### Problem statement
Using the material below, return exactly the lines between the one holding "- x$3*y$2, x$3*y$1" and the one holding "y \<longleftrightarrow> x$1", inclusive, and no others.

┄┄┄┄┄┄┄┄┄┄┄┄┄┄┄┄┄┄┄┄

(* Let $q=2^{v}$ and $s=2^{k}$ with $1\le k\le v$, let $n=(s-1)q+s$, and let $\mathcal{K}$ be a maximal $(n,s)$-arc in $PG(2,q)$. Then $\mathcal{K}$ is an optimal $(1,\mu)$-saturating $n$-set with $\mu=\frac{1}{2}(s-1)n$. Moreover, a linear code $C$ over $\mathbb{F}_q$ corresponding to $\mathcal{K}$ is an $[n,n-3]_q$ code with covering radius $2$, and $C$ is a $(2,\mu)$-PMCF code if $s=2$ and a $(2,\mu)$-APMCF code if $s\ge 4$.
   Context: $PG(N,q)$ is the $N$-dimensional projective space over $\mathbb{F}_q$. A maximal $(n,s)$-arc in $PG(2,q)$ is a set of $n$ points such that every line meets it in either $0$ or $s$ points. For a point set $S$, a secant of $S$ is a line $\ell$ with $|\ell\cap S|\ge2$, counted with multiplicity $\binom{|\ell\cap S|}{2}$. A set $S$ of $n$ points of $PG(N,q)$ is a $(1,\mu)$-saturating $n$-set if (M1) $S$ spans $PG(N,q)$, (M2) $S\neq PG(N,q)$, and (M3) every point $Q\notin S$ lies on secants of $S$ whose multiplicities sum to at least $\mu$; it is optimal if for every $Q\notin S$ this sum is exactly $\mu$. A linear code of length $n$ over $\mathbb{F}_q$ corresponds to $S=\{P_1,\dots,P_n\}\subset PG(N,q)$ if it has a parity-check matrix whose $i$-th column is a homogeneous coordinate vector of $P_i$. An $[n,k]_q$ code is a linear code of length $n$ and dimension $k$; its covering radius $R$ is $\max_{x\in\mathbb{F}_q^n} d(x,C)$ (Hamming distance), and $d(C)$ is its minimum distance. A code $C$ with covering radius $R$ is an $(R,\mu)$-APMCF code if every $x\in\mathbb{F}_q^n$ with $d(x,C)=R$ is at distance exactly $R$ from exactly $\mu$ codewords; it is an $(R,\mu)$-PMCF code if in addition $d(C)\ge 2R$. *)

theory Defs
  imports "HOL-Analysis.Analysis" "HOL-Library.Function_Algebras"
begin

definition pg_point :: "'a::field ^ 3 \<Rightarrow> ('a ^ 3) set" where
  "pg_point x = {c *s x | c. c \<noteq> 0}"

definition pg_points :: "('a::field ^ 3) set set" where
  "pg_points = {pg_point x | x. x \<noteq> 0}"

definition dot3 :: "'a::field ^ 3 \<Rightarrow> 'a ^ 3 \<Rightarrow> 'a" where
  "dot3 a x = (\<Sum>i\<in>UNIV. a $ i * x $ i)"

definition pg_line :: "'a::field ^ 3 \<Rightarrow> ('a ^ 3) set set" where
  "pg_line a = {P \<in> pg_points. \<forall>x\<in>P. dot3 a x = 0}"

definition pg_lines :: "('a::field ^ 3) set set set" where
  "pg_lines = {pg_line a | a. a \<noteq> 0}"

definition maximal_arc :: "('a::field ^ 3) set set \<Rightarrow> nat \<Rightarrow> nat \<Rightarrow> bool" where
  "maximal_arc K n s \<longleftrightarrow> K \<subseteq> pg_points \<and> finite K \<and> card K = n \<and>
     (\<forall>l\<in>pg_lines. card (l \<inter> K) = 0 \<or> card (l \<inter> K) = s)"

definition pg_spans :: "('a::field ^ 3) set set \<Rightarrow> bool" where
  "pg_spans S \<longleftrightarrow> (\<forall>y::'a^3. \<exists>X c. finite X \<and> X \<subseteq> \<Union>S \<and> y = (\<Sum>x\<in>X. c x *s x))"

definition secant_mult :: "('a::field ^ 3) set set \<Rightarrow> ('a ^ 3) set \<Rightarrow> nat" where
  "secant_mult S Q = (\<Sum>l\<in>{l\<in>pg_lines. Q \<in> l \<and> card (l \<inter> S) \<ge> 2}. card (l \<inter> S) choose 2)"

definition saturating_1_mu :: "('a::field ^ 3) set set \<Rightarrow> nat \<Rightarrow> nat \<Rightarrow> bool" where
  "saturating_1_mu S mu n \<longleftrightarrow> S \<subseteq> pg_points \<and> finite S \<and> card S = n \<and>
     pg_spans S \<and> S \<noteq> pg_points \<and> (\<forall>Q\<in>pg_points - S. secant_mult S Q \<ge> mu)"

definition optimal_saturating_1_mu :: "('a::field ^ 3) set set \<Rightarrow> nat \<Rightarrow> nat \<Rightarrow> bool" where
  "optimal_saturating_1_mu S mu n \<longleftrightarrow> saturating_1_mu S mu n \<and>
     (\<forall>Q\<in>pg_points - S. secant_mult S Q = mu)"

definition words :: "nat \<Rightarrow> (nat \<Rightarrow> 'a::zero) set" where
  "words n = {x. \<forall>i\<ge>n. x i = 0}"

definition hamming :: "nat \<Rightarrow> (nat \<Rightarrow> 'a) \<Rightarrow> (nat \<Rightarrow> 'a) \<Rightarrow> nat" where
  "hamming n x y = card {i. i < n \<and> x i \<noteq> y i}"

definition wscale :: "'a::field \<Rightarrow> (nat \<Rightarrow> 'a) \<Rightarrow> (nat \<Rightarrow> 'a)" where
  "wscale c x = (\<lambda>i. c * x i)"

definition code_dim :: "(nat \<Rightarrow> 'a::field) set \<Rightarrow> nat" where
  "code_dim C = vector_space.dim wscale C"

text \<open>The code with parity-check matrix whose i-th column is h i (i < n).\<close>
definition parity_code :: "nat \<Rightarrow> (nat \<Rightarrow> 'a::field ^ 3) \<Rightarrow> (nat \<Rightarrow> 'a) set" where
  "parity_code n h = {x \<in> words n. (\<Sum>i<n. x i *s h i) = 0}"

definition corresponds :: "nat \<Rightarrow> (nat \<Rightarrow> 'a::field ^ 3) \<Rightarrow> ('a ^ 3) set set \<Rightarrow> bool" where
  "corresponds n h S \<longleftrightarrow> (\<forall>i<n. h i \<noteq> 0) \<and> bij_betw (\<lambda>i. pg_point (h i)) {..<n} S"

definition dist_to_code :: "nat \<Rightarrow> (nat \<Rightarrow> 'a) set \<Rightarrow> (nat \<Rightarrow> 'a) \<Rightarrow> nat" where
  "dist_to_code n C x = Min (hamming n x ` C)"

definition covering_radius :: "nat \<Rightarrow> (nat \<Rightarrow> 'a::zero) set \<Rightarrow> nat" where
  "covering_radius n C = Max (dist_to_code n C ` words n)"

definition min_distance :: "nat \<Rightarrow> (nat \<Rightarrow> 'a) set \<Rightarrow> nat" where
  "min_distance n C = Min {hamming n c c' | c c'. c \<in> C \<and> c' \<in> C \<and> c \<noteq> c'}"

definition APMCF :: "nat \<Rightarrow> (nat \<Rightarrow> 'a::zero) set \<Rightarrow> nat \<Rightarrow> nat \<Rightarrow> bool" where
  "APMCF n C R mu \<longleftrightarrow> covering_radius n C = R \<and>
     (\<forall>x\<in>words n. dist_to_code n C x = R \<longrightarrow> card {c\<in>C. hamming n x c = R} = mu)"

definition PMCF :: "nat \<Rightarrow> (nat \<Rightarrow> 'a::zero) set \<Rightarrow> nat \<Rightarrow> nat \<Rightarrow> bool" where
  "PMCF n C R mu \<longleftrightarrow> APMCF n C R mu \<and> min_distance n C \<ge> 2 * R"

end

theory Submission
  imports Defs
begin

text \<open>Every line through a point Q off a maximal (n,s)-arc K meets K in 0 or s points, and these
  lines partition K; hence there are n/s secants through Q, each of multiplicity
  s choose 2, and every point off K has secant multiplicity (s-1)n/2. For the code whose
  parity-check columns represent the points of K, the distance of a word to the code is read off
  its syndrome: it is at most 1 iff the syndrome is 0 or represents a point of K, and otherwise the
  codewords at distance 2 correspond to the pairs of points of K collinear with the syndrome
  point, i.e. to the secants through it counted with multiplicity. A spanning point set contains
  three non-collinear points, which gives dimension n - 3; for s = 2 no three points of K are
  collinear, which gives minimum distance at least 4.\<close>

section \<open>Vectors and the projective plane\<close>

definition cross :: "'a::field^3 \<Rightarrow> 'a^3 \<Rightarrow> 'a^3" where
  "cross x y = vector [x$2*y$3 - x$3*y$2, x$3*y$1 - x$1*y$3, x$1*y$2 - x$2*y$1]"

text \<open>\<open>dot3 (cross x y) z\<close> is the determinant of the matrix with rows \<open>x\<close>, \<open>y\<close>, \<open>z\<close>.\<close>

lemma cross_nth [simp]:
  "cross x y $ 1 = x$2*y$3 - x$3*y$2"
  "cross x y $ 2 = x$3*y$1 - x$1*y$3"
  "cross x y $ 3 = x$1*y$2 - x$2*y$1"
  by (simp_all add: cross_def)

lemma dot3_expand: "dot3 a x = a$1*x$1 + a$2*x$2 + a$3*x$3"
  by (simp add: dot3_def sum_3)

lemma vec3_eq_iff: "(x::'a^3) = y \<longleftrightarrow> x$1 = y$1 \<and> x$2 = y$2 \<and> x$3 = y$3"
  by (simp add: vec_eq_iff forall_3)

lemma dot3_smult_right [simp]: "dot3 a (c *s x) = c * dot3 a x"
  and dot3_smult_left [simp]: "dot3 (c *s a) x = c * dot3 a x"
  and dot3_add [simp]: "dot3 a (x + y) = dot3 a x + dot3 a y"
  and dot3_zero [simp]: "dot3 a 0 = 0"
  and dot3_zero_left [simp]: "dot3 0 x = 0"
  by (simp_all add: dot3_expand algebra_simps)

lemma dot3_sum: "dot3 a (\<Sum>x\<in>X. f x) = (\<Sum>x\<in>X. dot3 a (f x))"
  by (induction X rule: infinite_finite_induct) simp_all

lemma dot3_cross_self [simp]: "dot3 (cross x y) x = 0" "dot3 (cross x y) y = 0"
  by (simp_all add: dot3_expand algebra_simps)

lemma cross_self [simp]: "cross x x = 0"
  by (simp add: vec3_eq_iff)

lemma dot3_cross_cycle: "dot3 (cross x y) z = dot3 (cross y z) x"
  by (simp add: dot3_expand algebra_simps)

lemma dot3_cross_smult:
  "dot3 (cross (a *s x) (b *s y)) (c *s z) = a * b * c * dot3 (cross x y) z"
  by (simp add: dot3_expand algebra_simps)

lemma cramer_3:
  "dot3 (cross x1 x2) x3 *s y =
     dot3 (cross y x2) x3 *s x1 + dot3 (cross x1 y) x3 *s x2 + dot3 (cross x1 x2) y *s x3"
  by (simp add: vec3_eq_iff dot3_expand algebra_simps)

lemma cross_cross: "cross (cross x y) a = dot3 a x *s y - dot3 a y *s x"
  by (simp add: vec3_eq_iff dot3_expand algebra_simps)

lemma cross_eq_0_imp_multiple:
  fixes x y :: "'a::field^3"
  assumes "x \<noteq> 0" "cross x y = 0"
  shows "\<exists>c. y = c *s x"
proof -
  have e: "x$1*y$2 = x$2*y$1" "x$3*y$1 = x$1*y$3" "x$2*y$3 = x$3*y$2"
    using assms(2) by (simp_all add: vec3_eq_iff)
  from assms(1) consider "x$1 \<noteq> 0" | "x$2 \<noteq> 0" | "x$3 \<noteq> 0"
    by (auto simp: vec3_eq_iff)
  then show ?thesis
  proof cases
    case 1
    with e show ?thesis by (intro exI[of _ "y$1/x$1"]) (simp add: vec3_eq_iff field_simps)
  next
    case 2
    with e show ?thesis by (intro exI[of _ "y$2/x$2"]) (simp add: vec3_eq_iff field_simps)
  next
    case 3
    with e show ?thesis by (intro exI[of _ "y$3/x$3"]) (simp add: vec3_eq_iff field_simps)
  qed
qed

lemma det3_independent:
  fixes x y z :: "'a::field^3"
  assumes "dot3 (cross x y) z \<noteq> 0" "a *s x + b *s y + c *s z = 0"
  shows "a = 0 \<and> b = 0 \<and> c = 0"
proof -
  define v where "v = a *s x + b *s y + c *s z"
  have "dot3 (cross v y) z = a * dot3 (cross x y) z"
       "dot3 (cross x v) z = b * dot3 (cross x y) z"
       "dot3 (cross x y) v = c * dot3 (cross x y) z"
    unfolding v_def by (simp_all add: dot3_expand algebra_simps)
  with assms show ?thesis unfolding v_def[symmetric] by (simp add: dot3_expand)
qed

lemma pg_point_self: "x \<noteq> 0 \<Longrightarrow> x \<in> pg_point x"
  unfolding pg_point_def by (rule CollectI, rule exI[of _ 1]) simp

lemma pg_point_in_pg_points: "x \<noteq> 0 \<Longrightarrow> pg_point x \<in> pg_points"
  unfolding pg_points_def by auto

lemma pg_pointsE:
  assumes "P \<in> pg_points"
  obtains x where "x \<noteq> 0" "P = pg_point x"
  using assms unfolding pg_points_def by auto

lemma pg_point_eq_iff:
  fixes x y :: "'a::field^3"
  assumes "x \<noteq> 0"
  shows "pg_point x = pg_point y \<longleftrightarrow> (\<exists>c. c \<noteq> 0 \<and> y = c *s x)"
proof
  assume "pg_point x = pg_point y"
  then have "x \<in> pg_point y" using pg_point_self[OF assms] by simp
  then obtain c where "c \<noteq> 0" "x = c *s y" unfolding pg_point_def by auto
  then have "y = (1 / c) *s x" "1 / c \<noteq> 0" by (simp_all add: vector_smult_assoc)
  then show "\<exists>c. c \<noteq> 0 \<and> y = c *s x" by blast
next
  assume "\<exists>c. c \<noteq> 0 \<and> y = c *s x"
  then obtain c where c: "c \<noteq> 0" "y = c *s x" by blast
  have "d *s x = (d / c) *s y" "d *s y = (d * c) *s x" for d
    using c by (simp_all add: vector_smult_assoc)
  with c(1) show "pg_point x = pg_point y"
    unfolding pg_point_def by (metis (no_types, opaque_lifting) divide_eq_0_iff mult_eq_0_iff)
qed

lemma pg_point_scale: "c \<noteq> 0 \<Longrightarrow> x \<noteq> 0 \<Longrightarrow> pg_point (c *s x) = pg_point x"
  using pg_point_eq_iff by metis

lemma pg_point_in_pg_line_iff:
  fixes x :: "'a::field^3"
  assumes "x \<noteq> 0"
  shows "pg_point x \<in> pg_line a \<longleftrightarrow> dot3 a x = 0"
  using pg_point_self[OF assms] pg_point_in_pg_points[OF assms]
  unfolding pg_line_def by (auto simp: pg_point_def)

lemma pg_line_scale: "c \<noteq> 0 \<Longrightarrow> pg_line (c *s a) = pg_line (a::'a::field^3)"
  unfolding pg_line_def by auto

lemma pg_line_subset_pg_points: "l \<in> pg_lines \<Longrightarrow> l \<subseteq> pg_points"
  unfolding pg_lines_def pg_line_def by auto

lemma cross_neq_0:
  fixes x y :: "'a::field^3"
  assumes "x \<noteq> 0" "y \<noteq> 0" "pg_point x \<noteq> pg_point y"
  shows "cross x y \<noteq> 0"
  using cross_eq_0_imp_multiple[OF assms(1)] assms pg_point_eq_iff[OF assms(1)] by fastforce

lemma pg_line_cross:
  fixes x y :: "'a::field^3"
  assumes "x \<noteq> 0" "y \<noteq> 0" "pg_point x \<noteq> pg_point y"
  shows "pg_line (cross x y) \<in> pg_lines" "pg_point x \<in> pg_line (cross x y)"
    "pg_point y \<in> pg_line (cross x y)"
  using cross_neq_0[OF assms] assms by (auto simp: pg_lines_def pg_point_in_pg_line_iff)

┄┄┄┄┄┄┄┄┄┄┄┄┄┄┄┄┄┄┄┄

### Exercise result
  "cross x y = vector [x$2*y$3 - x$3*y$2, x$3*y$1 - x$1*y$3, x$1*y$2 - x$2*y$1]"

text \<open>\<open>dot3 (cross x y) z\<close> is the determinant of the matrix with rows \<open>x\<close>, \<open>y\<close>, \<open>z\<close>.\<close>

lemma cross_nth [simp]:
  "cross x y $ 1 = x$2*y$3 - x$3*y$2"
  "cross x y $ 2 = x$3*y$1 - x$1*y$3"
  "cross x y $ 3 = x$1*y$2 - x$2*y$1"
  by (simp_all add: cross_def)

lemma dot3_expand: "dot3 a x = a$1*x$1 + a$2*x$2 + a$3*x$3"
  by (simp add: dot3_def sum_3)

lemma vec3_eq_iff: "(x::'a^3) = y \<longleftrightarrow> x$1 = y$1 \<and> x$2 = y$2 \<and> x$3 = y$3"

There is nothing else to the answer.